リビウへの避難民、仮設住宅へ入居 「少しは落ち着くが…帰りたい」
ロシアのウクライナ侵攻による国内避難民が集まるウクライナ西部リビウで、避難民の仮設住宅への入居が始まった。
全面的な戦争が始まって2カ月近く。避難生活が長期化する中で、生活支援をどう進めるかが課題になってきている。
リビウ中心部の公園では4月中旬、ポーランドの支援で約350戸のコンテナ型の仮設住宅が完成。19日に入居が始まった。同日、現地を訪れたポーランドのモラビエツキ首相は「ウクライナの女性と子どもを守るため、できることをすべてやる」などと述べた。

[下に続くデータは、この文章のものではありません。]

lemma sum_power2_le_power2_sum:
  fixes f :: "'a \<Rightarrow> real"
  assumes "\<And>t. t \<in> S \<Longrightarrow> 0 \<le> f t"
  shows "(\<Sum>t\<in>S. (f t)\<^sup>2) \<le> (\<Sum>t\<in>S. f t)\<^sup>2"
  using assms
proof (induction S rule: infinite_finite_induct)
  case (insert t S)
  have IH: "(\<Sum>s\<in>S. (f s)\<^sup>2) \<le> (\<Sum>s\<in>S. f s)\<^sup>2" using insert by simp
  have "0 \<le> 2 * f t * (\<Sum>s\<in>S. f s)" using insert.prems by (simp add: sum_nonneg)
  have "(\<Sum>s\<in>insert t S. (f s)\<^sup>2) = (f t)\<^sup>2 + (\<Sum>s\<in>S. (f s)\<^sup>2)"
    using insert(1,2) by simp
  also have "\<dots> \<le> (f t)\<^sup>2 + (\<Sum>s\<in>S. f s)\<^sup>2 + 2 * f t * (\<Sum>s\<in>S. f s)"
    using IH \<open>0 \<le> 2 * f t * (\<Sum>s\<in>S. f s)\<close> by linarith
  also have "\<dots> = (\<Sum>s\<in>insert t S. f s)\<^sup>2" using insert(1,2) by (simp add: power2_sum)
  finally show ?case .
qed simp_all

lemma gramian_eq_sum_mult_transpose:
  "gramian T Z B = (\<Sum>t<T. (mpow Z t ** B) ** transpose (mpow Z t ** B))"
  unfolding gramian_def by (simp add: matrix_transpose_mul matrix_mul_assoc)

lemma trace_gramian_le_Hmat:
  fixes Z P :: "real^'n^'n" and B :: "real^'m^'n"
  assumes le: "\<And>r c. \<bar>Z$r$c\<bar> \<le> \<bar>P$r$c\<bar>" and rho: "spectral_radius (mabs P) < 1"
  shows "trace (gramian T Z B) \<le> trace (Hmat P B)"
proof -
  let ?Y = "Xmat P" and ?bB = "mabs B" and ?bP = "mabs P"
  have nn: "0 \<le> ?bP$r$c" for r c by (simp add: mabs_def)
  have nnB: "0 \<le> ?bB$r$c" for r c by (simp add: mabs_def)
  have entry: "(\<Sum>t<T. ((mpow Z t ** B)$r$c)\<^sup>2) \<le> ((?Y ** ?bB)$r$c)\<^sup>2" for r c
  proof -
    have abs_le: "\<bar>(mpow Z t ** B)$r$c\<bar> \<le> (mpow ?bP t ** ?bB)$r$c" for t
      using le by (intro matrix_mul_abs_le mpow_abs_le) (simp_all add: mabs_def)
    have "(\<Sum>t<T. ((mpow Z t ** B)$r$c)\<^sup>2) \<le> (\<Sum>t<T. ((mpow ?bP t ** ?bB)$r$c)\<^sup>2)"
      using abs_le by (intro sum_mono) (metis power2_abs abs_ge_zero power_mono)
    also have "\<dots> \<le> (\<Sum>t<T. (mpow ?bP t ** ?bB)$r$c)\<^sup>2"
      using abs_le by (intro sum_power2_le_power2_sum) (meson abs_ge_zero order_trans)
    also have "(\<Sum>t<T. (mpow ?bP t ** ?bB)$r$c) = ((\<Sum>t<T. mpow ?bP t) ** ?bB)$r$c"
      by (simp add: matrix_mul_entry sum_component sum_distrib_right) (rule sum.swap)
    also have "(((\<Sum>t<T. mpow ?bP t) ** ?bB)$r$c)\<^sup>2 \<le> ((?Y ** ?bB)$r$c)\<^sup>2"
      unfolding matrix_mul_entry Xmat_def
      by (intro power_mono sum_mono mult_right_mono sum_mpow_le_inverse rho nn nnB sum_nonneg
          mult_nonneg_nonneg) (simp_all add: sum_component sum_nonneg mpow_nonneg nn)
    finally show ?thesis .
  qed
  have "trace (gramian T Z B) = (\<Sum>r\<in>UNIV. \<Sum>c\<in>UNIV. \<Sum>t<T. ((mpow Z t ** B)$r$c)\<^sup>2)"
    unfolding gramian_eq_sum_mult_transpose trace_sum trace_mult_transpose
    by (subst sum.swap, rule sum.cong[OF refl], rule sum.swap)
  also have "\<dots> \<le> (\<Sum>r\<in>UNIV. \<Sum>c\<in>UNIV. ((?Y ** ?bB)$r$c)\<^sup>2)"
    by (intro sum_mono entry)
  also have "\<dots> = trace (Hmat P B)"
    unfolding Hmat_def trace_mult_transpose[symmetric] by (simp add: matrix_transpose_mul matrix_mul_assoc)
  finally show ?thesis .
qed

section \<open>Determinant and trace of a positive definite matrix\<close>

lemma linear_le_quadratic_imp_zero:
  fixes a d :: real
  assumes "\<And>t. 2 * t * a \<le> t\<^sup>2 * d"
  shows "a = 0"
proof (rule ccontr)
  assume "a \<noteq> 0"
  define e where "e = 1 / (\<bar>d\<bar> + 1)"
  have "e > 0" unfolding e_def by simp
  have "2 * (e * a\<^sup>2) \<le> (e * d) * (e * a\<^sup>2)"
    using assms[of "e * a"] by (simp add: power2_eq_square algebra_simps)
  then have "2 \<le> e * d"
    using \<open>a \<noteq> 0\<close> \<open>e > 0\<close> by (simp add: mult_le_cancel_right)
  moreover have "e * d < 1"
    unfolding e_def by (simp add: field_simps)
  ultimately show False by simp
qed

lemma quadratic_form_maximizer_eigenvector:
  fixes W :: "real^'n^'n"
  assumes sym: "transpose W = W" and V: "subspace V"
    and inv: "\<And>x. x \<in> V \<Longrightarrow> W *v x \<in> V"
    and u: "u \<in> V" "norm u = 1"
    and max: "\<And>y. y \<in> V \<Longrightarrow> norm y = 1 \<Longrightarrow> y \<bullet> (W *v y) \<le> u \<bullet> (W *v u)"
  shows "W *v u = (u \<bullet> (W *v u)) *\<^sub>R u"
proof -
  define lam where "lam = u \<bullet> (W *v u)"
  have uu: "u \<bullet> u = 1" using u(2) by (simp add: norm_eq_1)
  have maxV: "y \<bullet> (W *v y) \<le> lam * (y \<bullet> y)" if "y \<in> V" for y
  proof (cases "y = 0")
    case False
    have "((1 / norm y) *\<^sub>R y) \<bullet> (W *v ((1 / norm y) *\<^sub>R y)) \<le> lam"
      unfolding lam_def using False by (intro max subspace_scale[OF V that]) simp
    with False show ?thesis
      by (simp add: matrix_vector_mult_scaleR power2_norm_eq_inner[symmetric] power2_eq_square
          field_simps)
  qed simp
  have perp: "y \<bullet> (W *v u) = 0" if "y \<in> V" "y \<bullet> u = 0" for y
  proof (rule linear_le_quadratic_imp_zero)
    fix t
    have "u + t *\<^sub>R y \<in> V" using V u(1) that(1) by (simp add: subspace_add subspace_scale)
    from maxV[OF this]
    show "2 * t * (y \<bullet> (W *v u)) \<le> t\<^sup>2 * (lam * (y \<bullet> y) - y \<bullet> (W *v y))"
      using uu that(2) symmetric_matrix_inner_commute[OF sym, of u y]
      by (simp add: lam_def matrix_vector_right_distrib inner_add_left inner_add_right
          inner_commute power2_eq_square algebra_simps)
  qed
  define z where "z = W *v u - lam *\<^sub>R u"
  have "z \<in> V" unfolding z_def using V inv u(1) by (simp add: subspace_diff subspace_scale)
  moreover have "z \<bullet> u = 0"
    unfolding z_def lam_def using uu by (simp add: inner_diff_left inner_commute[of "W *v u" u])
  ultimately have "z \<bullet> z = 0"
    using perp inner_diff_right[of z "W *v u" "lam *\<^sub>R u"] by (simp flip: z_def)
  then show ?thesis unfolding z_def lam_def by simp
qed

lemma exists_unit_eigenvector_orthogonal:
  fixes W :: "real^'n^'n"
  assumes sym: "transpose W = W" and S: "finite S" "card S < CARD('n)"
    and eig: "\<And>s. s \<in> S \<Longrightarrow> \<exists>l. W *v s = l *\<^sub>R s"
  obtains u where "norm u = 1" "\<And>s. s \<in> S \<Longrightarrow> orthogonal s u" "\<exists>l. W *v u = l *\<^sub>R u"
proof -
  define V where "V = {z::real^'n. \<forall>s\<in>S. orthogonal s z}"
  have V: "subspace V" unfolding V_def by (auto simp: subspace_def orthogonal_clauses)
  have inv: "W *v x \<in> V" if "x \<in> V" for x
    unfolding V_def
  proof (intro CollectI ballI)
    fix s assume "s \<in> S"
    then obtain l where "W *v s = l *\<^sub>R s" using eig by blast
    then show "orthogonal s (W *v x)"
      using that \<open>s \<in> S\<close> symmetric_matrix_inner_commute[OF sym, of s x]
      by (simp add: V_def orthogonal_def)
  qed
  have "dim S < DIM(real^'n)" using real_vector.dim_le_card'[OF S(1)] S(2) by simp
  then obtain x :: "real^'n" where x: "x \<noteq> 0" "\<And>y. y \<in> span S \<Longrightarrow> orthogonal x y"
    using orthogonal_to_subspace_exists by blast
  have "x \<in> V" using x(2) unfolding V_def by (simp add: orthogonal_commute span_base)
  have "closed V"
    unfolding V_def orthogonal_def by (simp add: Collect_ball_eq closed_INT closed_hyperplane)
  then have "compact (V \<inter> sphere 0 1)" by (simp add: closed_Int_compact)
  moreover have "(1 / norm x) *\<^sub>R x \<in> V \<inter> sphere 0 1"
    using x(1) subspace_scale[OF V \<open>x \<in> V\<close>] by simp
  moreover have "continuous_on (V \<inter> sphere 0 1) (\<lambda>y. y \<bullet> (W *v y))"
    by (intro continuous_intros)
  ultimately obtain u where u: "u \<in> V \<inter> sphere 0 1"
    and max: "\<And>y. y \<in> V \<inter> sphere 0 1 \<Longrightarrow> y \<bullet> (W *v y) \<le> u \<bullet> (W *v u)"
    using continuous_attains_sup[of "V \<inter> sphere 0 1" "\<lambda>y. y \<bullet> (W *v y)"] by blast
  have "W *v u = (u \<bullet> (W *v u)) *\<^sub>R u"
    using u max by (intro quadratic_form_maximizer_eigenvector[OF sym V inv]) auto
  with u show thesis by (intro that) (auto simp: V_def)
qed

definition orthonormal_eigenset :: "real^'n^'n \<Rightarrow> (real^'n) set \<Rightarrow> bool" where
  "orthonormal_eigenset W S \<longleftrightarrow> finite S \<and> pairwise orthogonal S \<and>
     (\<forall>u\<in>S. norm u = 1 \<and> (\<exists>l. W *v u = l *\<^sub>R u))"

lemma orthonormal_eigenset_exists:
  fixes W :: "real^'n^'n"
  assumes sym: "transpose W = W" and "k \<le> CARD('n)"
  shows "\<exists>S. orthonormal_eigenset W S \<and> card S = k"
  using assms(2)
proof (induction k)
  case 0
  show ?case by (intro exI[of _ "{}"]) (simp add: orthonormal_eigenset_def)
next
  case (Suc k)
  then obtain S where S: "orthonormal_eigenset W S" "card S = k" by auto
  then have "finite S" by (simp add: orthonormal_eigenset_def)
  obtain u where u: "norm u = 1" "\<And>s. s \<in> S \<Longrightarrow> orthogonal s u" "\<exists>l. W *v u = l *\<^sub>R u"
    using exists_unit_eigenvector_orthogonal[OF sym \<open>finite S\<close>] S Suc.prems
    unfolding orthonormal_eigenset_def by auto
  have "u \<notin> S"
  proof
    assume "u \<in> S"
    with u(2) have "u \<bullet> u = 0" by (simp add: orthogonal_def)
    with u(1) show False by simp
  qed
  then have "orthonormal_eigenset W (insert u S) \<and> card (insert u S) = Suc k"
    using S u \<open>finite S\<close>
    by (auto simp: orthonormal_eigenset_def pairwise_insert orthogonal_commute)
  then show ?case by blast
qed

lemma symmetric_matrix_orthonormal_eigenbasis:
  fixes W :: "real^'n^'n"
  assumes sym: "transpose W = W"
  obtains f :: "'n \<Rightarrow> real^'n" and l :: "'n \<Rightarrow> real"
  where "\<And>i j. f i \<bullet> f j = (if i = j then 1 else 0)" "\<And>j. W *v f j = l j *\<^sub>R f j"
proof -
  obtain S where S: "orthonormal_eigenset W S" "card S = CARD('n)"
    using orthonormal_eigenset_exists[OF sym order_refl] by blast
  then obtain f :: "'n \<Rightarrow> real^'n" where f: "bij_betw f UNIV S"
    using finite_same_card_bij[of "UNIV :: 'n set" S] by (auto simp: orthonormal_eigenset_def)
  from S obtain l where l: "\<And>u. u \<in> S \<Longrightarrow> W *v u = l u *\<^sub>R u"
    unfolding orthonormal_eigenset_def by metis
  have "f i \<bullet> f j = (if i = j then 1 else 0)" for i j
  proof (cases "i = j")
    case True
    then show ?thesis using S(1) f by (auto simp: orthonormal_eigenset_def bij_betw_def norm_eq_1)
  next
    case False
    then have "f i \<noteq> f j" using f by (auto simp: bij_betw_def inj_on_def)
    then show ?thesis using S(1) f False
      by (auto simp: orthonormal_eigenset_def bij_betw_def pairwise_def orthogonal_def)
  qed
  moreover have "W *v f j = (l \<circ> f) j *\<^sub>R f j" for j
    using f l by (auto simp: bij_betw_def)
  ultimately show thesis by (rule that)
qed

lemma det_trace_of_orthonormal_eigenbasis:
  fixes W :: "real^'n^'n" and f :: "'n \<Rightarrow> real^'n"
  assumes orth: "\<And>i j. f i \<bullet> f j = (if i = j then 1 else 0)"
    and eig: "\<And>j. W *v f j = l j *\<^sub>R f j"
  shows "det W = (\<Prod>j\<in>UNIV. l j)" "trace W = (\<Sum>j\<in>UNIV. l j)"
proof -
  define Q :: "real^'n^'n" where "Q = (\<chi> i j. f j $ i)"
  define D :: "real^'n^'n" where "D = (\<chi> i j. if i = j then l j else 0)"
  have "transpose Q ** Q = mat 1"
    using orth by (simp add: vec_eq_iff matrix_mul_entry Q_def transpose_def inner_vec_def mat_def)
  then have QQt: "Q ** transpose Q = mat 1" and detQ: "det Q * det Q = 1"
    using matrix_left_right_inverse det_mul[of "transpose Q" Q] by (auto simp: det_transpose)
  have "W ** Q = Q ** D"
    using eig by (simp add: vec_eq_iff matrix_mul_entry Q_def D_def matrix_vector_mult_def
        if_distrib if_distribR cong: if_cong)
  have W: "W = Q ** D ** transpose Q"
  proof -
    have "W = W ** (Q ** transpose Q)" using QQt by simp
    also have "\<dots> = Q ** D ** transpose Q"
      using \<open>W ** Q = Q ** D\<close> by (simp add: matrix_mul_assoc)
    finally show ?thesis .
  qed
  have "det W = det D * (det Q * det Q)"
    unfolding W by (simp add: det_mul det_transpose)
  then show "det W = (\<Prod>j\<in>UNIV. l j)"
    using detQ by (simp add: D_def det_diagonal)
  have "trace W = trace (transpose Q ** (Q ** D))"
    unfolding W by (rule trace_mul_sym)
  also have "\<dots> = trace ((transpose Q ** Q) ** D)" by (simp add: matrix_mul_assoc)
  finally show "trace W = (\<Sum>j\<in>UNIV. l j)"
    using \<open>transpose Q ** Q = mat 1\<close> by (simp add: trace_def D_def)
qed

lemma sum_ln_le_ln_mean:
  fixes l :: "'n::finite \<Rightarrow> real"
  assumes "\<And>j. 0 < l j"
  shows "(\<Sum>j\<in>UNIV. ln (l j)) \<le> real CARD('n) * ln ((\<Sum>j\<in>UNIV. l j) / real CARD('n))"
proof -
  have "(\<Sum>j\<in>UNIV. (1 / real CARD('n)) * ln (l j))
      \<le> ln (\<Sum>j\<in>UNIV. (1 / real CARD('n)) *\<^sub>R l j)"
    using assms by (intro concave_on_sum[OF _ _ ln_concave]) auto
  then show ?thesis
    by (simp add: sum_divide_distrib[symmetric] sum_distrib_left[symmetric] field_simps)
qed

19日に入居したキリロワ・アラさん(86)は、1カ月ほど前に東部ドネツク州を息子夫婦に助けられながら脱出。学校の体育館で約60人の避難民と暮らしてきた。「暮らしに必要なものはそろっていて、不満はない。集団生活はにぎやかで楽しかったが、個室になったので少しは落ち着くでしょうか」と語った。だが仮設住宅から先の生活は見通せず、「戦争はいつ終わるんでしょう。私は故郷に帰りたいのです」と話した。